Authentication

All API requests must be authenticated using HTTP Basic Authentication. The REST APIs use a two-step process to authenticate a client application and authorize access to resources:

  1. Obtain a session token using an application ID and secret.
  2. Provide the session token as an HTTP Authorization Bearer header to access a resource.

First, you must create an application on the Developer Portal to obtain an application ID and secret for sandbox and production endpoints.

Information about how to create applications will be announced when the EQP REST API is publicly released.

Session Token

You must use an application ID and secret to obtain a session token.

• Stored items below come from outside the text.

(* Let $Q\in\mathcal{Q}(n,d,m)$ and let $A=(a_1,\dots,a_t)$, $t\geq1$, be a chain of paths in $Q$ such that $\underline{\delta}=2\sum_{i=1}^t\mathrm{mdeg}(a_i)\in\Omega_0(Q)$. Then $|\underline{\delta}|-mt-n_0\leq n$, where $n_0=0$ if $t=1$, $n_0=\#(V(a_1)\cap V(a_2))$ if $t=2$, and $n_0=\#(V(a_2)\cup\cdots\cup V(a_{t-1}))$ if $t\geq3$.
   Context: A quiver $Q$ is a finite oriented graph; for an arrow $a$, $a''$ is its tail and $a'$ its head. A path $a=a_1\cdots a_s$ ($a_i$ arrows) satisfies $a_i'=a_{i+1}''$; it is closed if $a_1''=a_s'$; $V(a)=\{a_1'',a_1',\dots,a_s'\}$, $A(a)=\{a_1,\dots,a_s\}$. A closed path is primitive if each vertex of $V(a)$ is the head of exactly one $a_i$. $m(Q)$ is the maximal degree of a primitive closed path; $Q$ is strongly connected if some closed path contains all vertices; $\mathcal{Q}(n,d,m)$ is the set of strongly connected quivers with $n$ vertices, $d$ arrows and $m(Q)=m$. The multidegree $\mathrm{mdeg}(a)\in\mathbb{N}^{\#A(Q)}$ of a path $a$ has $b$-component equal to the number of $i$ with $a_i=b$; $|\underline{\delta}|=\sum_b\delta_b$. $\Omega_0(Q)$ is the set of $\mathrm{mdeg}(h)$ for closed paths $h$ in $Q$ with $A(h)=A(Q)$. A chain of paths $(a_1,\dots,a_t)$ is an ordered sequence of primitive closed paths such that $V(a_i)\cap V(a_j)=\emptyset$ if $|i-j|>1$ and $V(a_i)\cap V(a_j)\neq\emptyset$ if $|i-j|\leq1$. *)

theory Defs
  imports Main
begin

text \<open>A quiver is given by a vertex set Vs, an arrow set As, and tail/head maps
  (tail a = a'' and head a = a').  Multiple arrows and loops are allowed.\<close>

definition quiver :: "'v set \<Rightarrow> 'a set \<Rightarrow> ('a \<Rightarrow> 'v) \<Rightarrow> ('a \<Rightarrow> 'v) \<Rightarrow> bool" where
  "quiver Vs As tail head \<longleftrightarrow> finite Vs \<and> finite As \<and>
     (\<forall>b\<in>As. tail b \<in> Vs \<and> head b \<in> Vs)"

definition is_path :: "'a set \<Rightarrow> ('a \<Rightarrow> 'v) \<Rightarrow> ('a \<Rightarrow> 'v) \<Rightarrow> 'a list \<Rightarrow> bool" where
  "is_path As tail head p \<longleftrightarrow> p \<noteq> [] \<and> set p \<subseteq> As \<and>
     (\<forall>i. Suc i < length p \<longrightarrow> head (p ! i) = tail (p ! Suc i))"

definition is_closed_path :: "'a set \<Rightarrow> ('a \<Rightarrow> 'v) \<Rightarrow> ('a \<Rightarrow> 'v) \<Rightarrow> 'a list \<Rightarrow> bool" where
  "is_closed_path As tail head p \<longleftrightarrow> is_path As tail head p \<and> tail (hd p) = head (last p)"

definition pverts :: "('a \<Rightarrow> 'v) \<Rightarrow> ('a \<Rightarrow> 'v) \<Rightarrow> 'a list \<Rightarrow> 'v set" where
  "pverts tail head p = insert (tail (hd p)) (head ` set p)"

definition parrows :: "'a list \<Rightarrow> 'a set" where
  "parrows p = set p"

definition is_primitive :: "'a set \<Rightarrow> ('a \<Rightarrow> 'v) \<Rightarrow> ('a \<Rightarrow> 'v) \<Rightarrow> 'a list \<Rightarrow> bool" where
  "is_primitive As tail head p \<longleftrightarrow> is_closed_path As tail head p \<and>
     (\<forall>v\<in>pverts tail head p. card {i. i < length p \<and> head (p ! i) = v} = 1)"

definition mQ :: "'a set \<Rightarrow> ('a \<Rightarrow> 'v) \<Rightarrow> ('a \<Rightarrow> 'v) \<Rightarrow> nat" where
  "mQ As tail head = Max {length p | p. is_primitive As tail head p}"

definition strongly_connected :: "'v set \<Rightarrow> 'a set \<Rightarrow> ('a \<Rightarrow> 'v) \<Rightarrow> ('a \<Rightarrow> 'v) \<Rightarrow> bool" where
  "strongly_connected Vs As tail head \<longleftrightarrow>
     (\<exists>p. is_closed_path As tail head p \<and> Vs \<subseteq> pverts tail head p)"

definition mdeg :: "'a list \<Rightarrow> 'a \<Rightarrow> nat" where
  "mdeg p b = count_list p b"

definition mdeg_size :: "'a set \<Rightarrow> ('a \<Rightarrow> nat) \<Rightarrow> nat" where
  "mdeg_size As \<delta> = (\<Sum>b\<in>As. \<delta> b)"

definition Omega0 :: "'a set \<Rightarrow> ('a \<Rightarrow> 'v) \<Rightarrow> ('a \<Rightarrow> 'v) \<Rightarrow> ('a \<Rightarrow> nat) set" where
  "Omega0 As tail head = {mdeg h | h. is_closed_path As tail head h \<and> parrows h = As}"

text \<open>Chain of paths (a_1,...,a_t), stored 0-indexed as a list.\<close>
definition is_chain :: "'a set \<Rightarrow> ('a \<Rightarrow> 'v) \<Rightarrow> ('a \<Rightarrow> 'v) \<Rightarrow> 'a list list \<Rightarrow> bool" where
  "is_chain As tail head cs \<longleftrightarrow>
     (\<forall>i<length cs. is_primitive As tail head (cs ! i)) \<and>
     (\<forall>i<length cs. \<forall>j<length cs.
        (i + 1 < j \<or> j + 1 < i \<longrightarrow> pverts tail head (cs ! i) \<inter> pverts tail head (cs ! j) = {}) \<and>
        (i \<le> j + 1 \<and> j \<le> i + 1 \<longrightarrow> pverts tail head (cs ! i) \<inter> pverts tail head (cs ! j) \<noteq> {}))"

end

theory Submission
  imports Defs
begin

text \<open>Each arrow of a primitive closed path a has its own head, so deg a \<le> #V(a).  Hence
  |\<delta>| = 2 \<Sum> deg a_i \<le> \<Sum> deg a_i + \<Sum> #V(a_i) \<le> m t + \<Sum> #V(a_i).  Since only consecutive members
  of the chain meet, a vertex lies in at most one V(a_i), or in two if it is one of the n_0
  vertices counted by the overlaps; so \<Sum> #V(a_i) \<le> n + n_0.\<close>

lemma length_le_card_pverts_if_primitive:
  assumes "is_primitive As tail head p"
  shows "length p \<le> card (pverts tail head p)"
proof -
  have "inj_on (\<lambda>i. head (p ! i)) {..<length p}"
  proof (rule inj_onI)
    fix i j assume i: "i \<in> {..<length p}" and j: "j \<in> {..<length p}"
      and eq: "head (p ! i) = head (p ! j)"
    have "head (p ! i) \<in> pverts tail head p" using i unfolding pverts_def by auto
    then have "card {k. k < length p \<and> head (p ! k) = head (p ! i)} = 1"
      using assms unfolding is_primitive_def by blast
    then obtain x where x: "{k. k < length p \<and> head (p ! k) = head (p ! i)} = {x}"
      using card_1_singletonE by blast
    have "i \<in> {x}" "j \<in> {x}" using i j eq by (auto simp flip: x)
    then show "i = j" by simp
  qed
  moreover have "(\<lambda>i. head (p ! i)) ` {..<length p} \<subseteq> pverts tail head p"
    unfolding pverts_def by auto
  moreover have "finite (pverts tail head p)" unfolding pverts_def by simp
  ultimately show ?thesis using card_inj_on_le by fastforce
qed

lemma pverts_subset_if_primitive:
  assumes "quiver Vs As tail head" "is_primitive As tail head p"
  shows "pverts tail head p \<subseteq> Vs"
proof -
  have "p \<noteq> []" "set p \<subseteq> As" using assms(2)
    unfolding is_primitive_def is_closed_path_def is_path_def by auto
  then show ?thesis using assms(1) unfolding quiver_def pverts_def by (auto simp: hd_in_set subsetD)
qed

lemma length_le_mQ_if_primitive:
  assumes "quiver Vs As tail head" "is_primitive As tail head p"
  shows "length p \<le> mQ As tail head"
proof -
  have "{length q | q. is_primitive As tail head q} \<subseteq> {..card Vs}"
  proof clarify
    fix q assume q: "is_primitive As tail head q"
    have "card (pverts tail head q) \<le> card Vs"
      using pverts_subset_if_primitive[OF assms(1) q] assms(1) card_mono
      unfolding quiver_def by blast
    then show "length q \<le> card Vs" using length_le_card_pverts_if_primitive[OF q] by simp
  qed
  then have "finite {length q | q. is_primitive As tail head q}" by (rule finite_subset) simp
  then show ?thesis unfolding mQ_def using assms(2) by (intro Max_ge) auto
qed

lemma mdeg_size_sum_mdeg:
  assumes "finite As" "\<And>i. i \<in> I \<Longrightarrow> set (f i) \<subseteq> As"
  shows "mdeg_size As (\<lambda>b. \<Sum>i\<in>I. mdeg (f i) b) = (\<Sum>i\<in>I. length (f i))"
  unfolding mdeg_size_def mdeg_def using assms by (subst sum.swap) (simp add: sum_count_set)

lemma card_indices_le_if_only_consecutive_meet:
  fixes V :: "nat \<Rightarrow> 'v set"
  assumes meet: "\<And>i j. i < t \<Longrightarrow> j < t \<Longrightarrow> v \<in> V i \<Longrightarrow> v \<in> V j \<Longrightarrow> i \<noteq> j
                      \<Longrightarrow> v \<in> N \<and> (j = Suc i \<or> i = Suc j)"
  shows "card {i \<in> {..<t}. v \<in> V i} \<le> (if v \<in> N then 2 else 1)"
proof (cases "{i \<in> {..<t}. v \<in> V i} = {}")
  case False
  let ?S = "{i \<in> {..<t}. v \<in> V i}"
  define i0 where "i0 = Min ?S"
  have "finite ?S" by simp
  have i0: "i0 \<in> ?S" and min: "\<And>j. j \<in> ?S \<Longrightarrow> i0 \<le> j"
    using Min_in[OF \<open>finite ?S\<close> False] Min_le[OF \<open>finite ?S\<close>] by (simp_all add: i0_def)
  have members: "j = i0 \<or> (v \<in> N \<and> j = Suc i0)" if j: "j \<in> ?S" for j
  proof (cases "j = i0")
    case False
    with meet[of i0 j] i0 j min[OF j] show ?thesis by auto
  qed simp
  show ?thesis
  proof (cases "v \<in> N")
    case True
    have "card ?S \<le> card {i0, Suc i0}" using members by (intro card_mono) auto
    with True show ?thesis by simp
  next
    case False
    have "card ?S \<le> card {i0}" using members False by (intro card_mono) auto
    with False show ?thesis by simp
  qed
next
  case True
  then show ?thesis by (simp only: card.empty)
qed

lemma sum_card_le_card_UN_plus_card_if_only_consecutive_meet:
  fixes V :: "nat \<Rightarrow> 'v set"
  assumes fin: "\<And>i. i < t \<Longrightarrow> finite (V i)" and "finite N"
    and meet: "\<And>v i j. i < t \<Longrightarrow> j < t \<Longrightarrow> v \<in> V i \<Longrightarrow> v \<in> V j \<Longrightarrow> i \<noteq> j
                        \<Longrightarrow> v \<in> N \<and> (j = Suc i \<or> i = Suc j)"
  shows "(\<Sum>i<t. card (V i)) \<le> card (\<Union>i<t. V i) + card N"
proof -
  let ?U = "\<Union>i<t. V i"
  have "finite ?U" using fin by auto
  have "(\<Sum>i<t. card (V i)) = (\<Sum>i<t. card {v \<in> ?U. v \<in> V i})"
    by (intro sum.cong) (auto intro!: arg_cong[of _ _ card])
  also have "\<dots> = (\<Sum>v\<in>?U. card {i \<in> {..<t}. v \<in> V i})"
    using \<open>finite ?U\<close> by (intro sum_multicount_gen) auto
  also have "\<dots> \<le> (\<Sum>v\<in>?U. 1 + of_bool (v \<in> N))"
  proof (rule sum_mono)
    fix v
    have "card {i \<in> {..<t}. v \<in> V i} \<le> (if v \<in> N then 2 else 1)"
      by (rule card_indices_le_if_only_consecutive_meet) (rule meet)
    then show "card {i \<in> {..<t}. v \<in> V i} \<le> 1 + of_bool (v \<in> N)" by (simp split: if_splits)
  qed
  also have "\<dots> = card ?U + card (?U \<inter> N)"
    using \<open>finite ?U\<close> by (subst sum.distrib) (simp add: Int_def)
  also have "\<dots> \<le> card ?U + card N"
    using \<open>finite N\<close> by (simp add: card_mono)
  finally show ?thesis .
qed

definition chain_overlap :: "('a \<Rightarrow> 'v) \<Rightarrow> ('a \<Rightarrow> 'v) \<Rightarrow> 'a list list \<Rightarrow> 'v set" where
  "chain_overlap tail head cs =
     (if length cs = 1 then {}
      else if length cs = 2 then pverts tail head (cs ! 0) \<inter> pverts tail head (cs ! 1)
      else (\<Union>i\<in>{1..length cs - 2}. pverts tail head (cs ! i)))"

lemma card_chain_overlap:
  "card (chain_overlap tail head cs) =
     (if length cs = 1 then 0
      else if length cs = 2 then card (pverts tail head (cs ! 0) \<inter> pverts tail head (cs ! 1))
      else card (\<Union>i\<in>{1..length cs - 2}. pverts tail head (cs ! i)))"
  unfolding chain_overlap_def by simp

lemma finite_chain_overlap: "finite (chain_overlap tail head cs)"
  unfolding chain_overlap_def pverts_def by simp

lemma chain_meet_consecutive:
  assumes "is_chain As tail head cs" "i < length cs" "j < length cs" "i \<noteq> j"
    and "v \<in> pverts tail head (cs ! i)" "v \<in> pverts tail head (cs ! j)"
  shows "v \<in> chain_overlap tail head cs \<and> (j = Suc i \<or> i = Suc j)"
proof -
  have adjacent: "j = Suc i \<or> i = Suc j"
  proof (rule ccontr)
    assume "\<not> (j = Suc i \<or> i = Suc j)"
    then have "i + 1 < j \<or> j + 1 < i" using assms(4) by auto
    then have "pverts tail head (cs ! i) \<inter> pverts tail head (cs ! j) = {}"
      using assms(1-3) unfolding is_chain_def by blast
    with assms(5,6) show False by blast
  qed
  consider "length cs = 2" | "length cs \<ge> 3" using assms(2-4) by linarith
  then have "v \<in> chain_overlap tail head cs"
  proof cases
    case 1
    then show ?thesis using assms(2-6) unfolding chain_overlap_def by (auto simp: less_2_cases_iff)
  next
    case 2
    from adjacent have "i \<in> {1..length cs - 2} \<or> j \<in> {1..length cs - 2}"
    proof
      assume "j = Suc i"
      then show ?thesis using assms(3) 2 by (cases "i = 0") auto
    next
      assume "i = Suc j"
      then show ?thesis using assms(2) 2 by (cases "j = 0") auto
    qed
    then show ?thesis using 2 assms(5,6) unfolding chain_overlap_def by auto
  qed
  with adjacent show ?thesis by blast
qed

theorem lemma3p7:
  fixes Vs :: "'v set" and As :: "'a set" and tail head :: "'a \<Rightarrow> 'v"
    and cs :: "'a list list"
  assumes "quiver Vs As tail head"
    and "strongly_connected Vs As tail head"
    and "is_chain As tail head cs"
    and "length cs \<ge> 1"
    and "(\<lambda>b. 2 * (\<Sum>i<length cs. mdeg (cs ! i) b)) \<in> Omega0 As tail head"
  shows "int (mdeg_size As (\<lambda>b. 2 * (\<Sum>i<length cs. mdeg (cs ! i) b)))
           - int (mQ As tail head) * int (length cs)
           - int (if length cs = 1 then 0
                  else if length cs = 2 then card (pverts tail head (cs ! 0) \<inter> pverts tail head (cs ! 1))
                  else card (\<Union>i\<in>{1..length cs - 2}. pverts tail head (cs ! i)))
         \<le> int (card Vs)"
proof -
  let ?t = "length cs" and ?V = "\<lambda>i. pverts tail head (cs ! i)"
  have prim: "\<And>i. i < ?t \<Longrightarrow> is_primitive As tail head (cs ! i)"
    using assms(3) unfolding is_chain_def by blast
  have "mdeg_size As (\<lambda>b. 2 * (\<Sum>i<?t. mdeg (cs ! i) b))
        = 2 * mdeg_size As (\<lambda>b. \<Sum>i<?t. mdeg (cs ! i) b)"
    unfolding mdeg_size_def by (simp add: sum_distrib_left)
  also have "\<dots> = 2 * (\<Sum>i<?t. length (cs ! i))"
    using assms(1) prim
    unfolding quiver_def is_primitive_def is_closed_path_def is_path_def
    by (subst mdeg_size_sum_mdeg) auto
  moreover have "(\<Sum>i<?t. length (cs ! i)) \<le> mQ As tail head * ?t"
    using sum_mono[of "{..<?t}" "\<lambda>i. length (cs ! i)" "\<lambda>_. mQ As tail head"]
      length_le_mQ_if_primitive[OF assms(1) prim] by (simp add: mult.commute)
  moreover have "(\<Sum>i<?t. length (cs ! i)) \<le> (\<Sum>i<?t. card (?V i))"
    by (intro sum_mono) (use length_le_card_pverts_if_primitive[OF prim] in auto)
  moreover have "(\<Sum>i<?t. card (?V i)) \<le> card (\<Union>i<?t. ?V i) + card (chain_overlap tail head cs)"
    using chain_meet_consecutive[OF assms(3)] finite_chain_overlap
    by (intro sum_card_le_card_UN_plus_card_if_only_consecutive_meet) (auto simp: pverts_def)
  moreover have "card (\<Union>i<?t. ?V i) \<le> card Vs"
    using assms(1) pverts_subset_if_primitive[OF assms(1) prim]
    unfolding quiver_def by (intro card_mono) auto
  ultimately have "mdeg_size As (\<lambda>b. 2 * (\<Sum>i<?t. mdeg (cs ! i) b))
      \<le> mQ As tail head * ?t + card (chain_overlap tail head cs) + card Vs"
    by linarith
  then have "int (mdeg_size As (\<lambda>b. 2 * (\<Sum>i<?t. mdeg (cs ! i) b)))
      \<le> int (mQ As tail head) * int ?t + int (card (chain_overlap tail head cs)) + int (card Vs)"
    by (simp only: of_nat_le_iff of_nat_add[symmetric] of_nat_mult[symmetric])
  then show ?thesis unfolding card_chain_overlap by linarith
qed

end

See the following list for examples of an application ID and secret:

  • id—AQ17NZ49WC
  • secret—8820c99614d65f923df7660276f20e029d73e2ca

The following endpoint grants an application session token:

1
POST /rest/v1/apps/session/token

You must specify the grant type in the request body:

1
2
3
{
   “grant_type”: “session”
}

The API supports the session grant type only.

The following example shows a request and expected response:

Request

1
2
3
4
5
curl -X POST \
     -u 'AQ17NZ49WC:8820c99614d65f923df7660276f20e029d73e2ca' \
     -H 'Content-Type: application/json' \
     -d '{ "grant_type" : "session" }' \
     https://developer-api.magento.com/rest/v1/apps/session/token

Response

A successful HTTP 200 OK response will be sent for a valid application ID and secret:

1
2
3
4
5
{
 "mage_id": "MAG123456789",
 "ust": "baGXoStRuR9VCDFQGZNzgNqbqu5WUwlr.cAxZJ9m22Le7",
 "expires_in": 3600
}
  • The mage_id value will identify the user account associated with the client application.
  • The ust value (user session token) must be used as the Authorization Bearer header for all subsequent API calls.
  • The session token is valid only for the time specified in expires_in (seconds).
  • When session token expires, a new token must be obtained as described above.

Authorization Bearer

After obtaining a valid session token, you must use it as a bearer token in all subsequent API calls.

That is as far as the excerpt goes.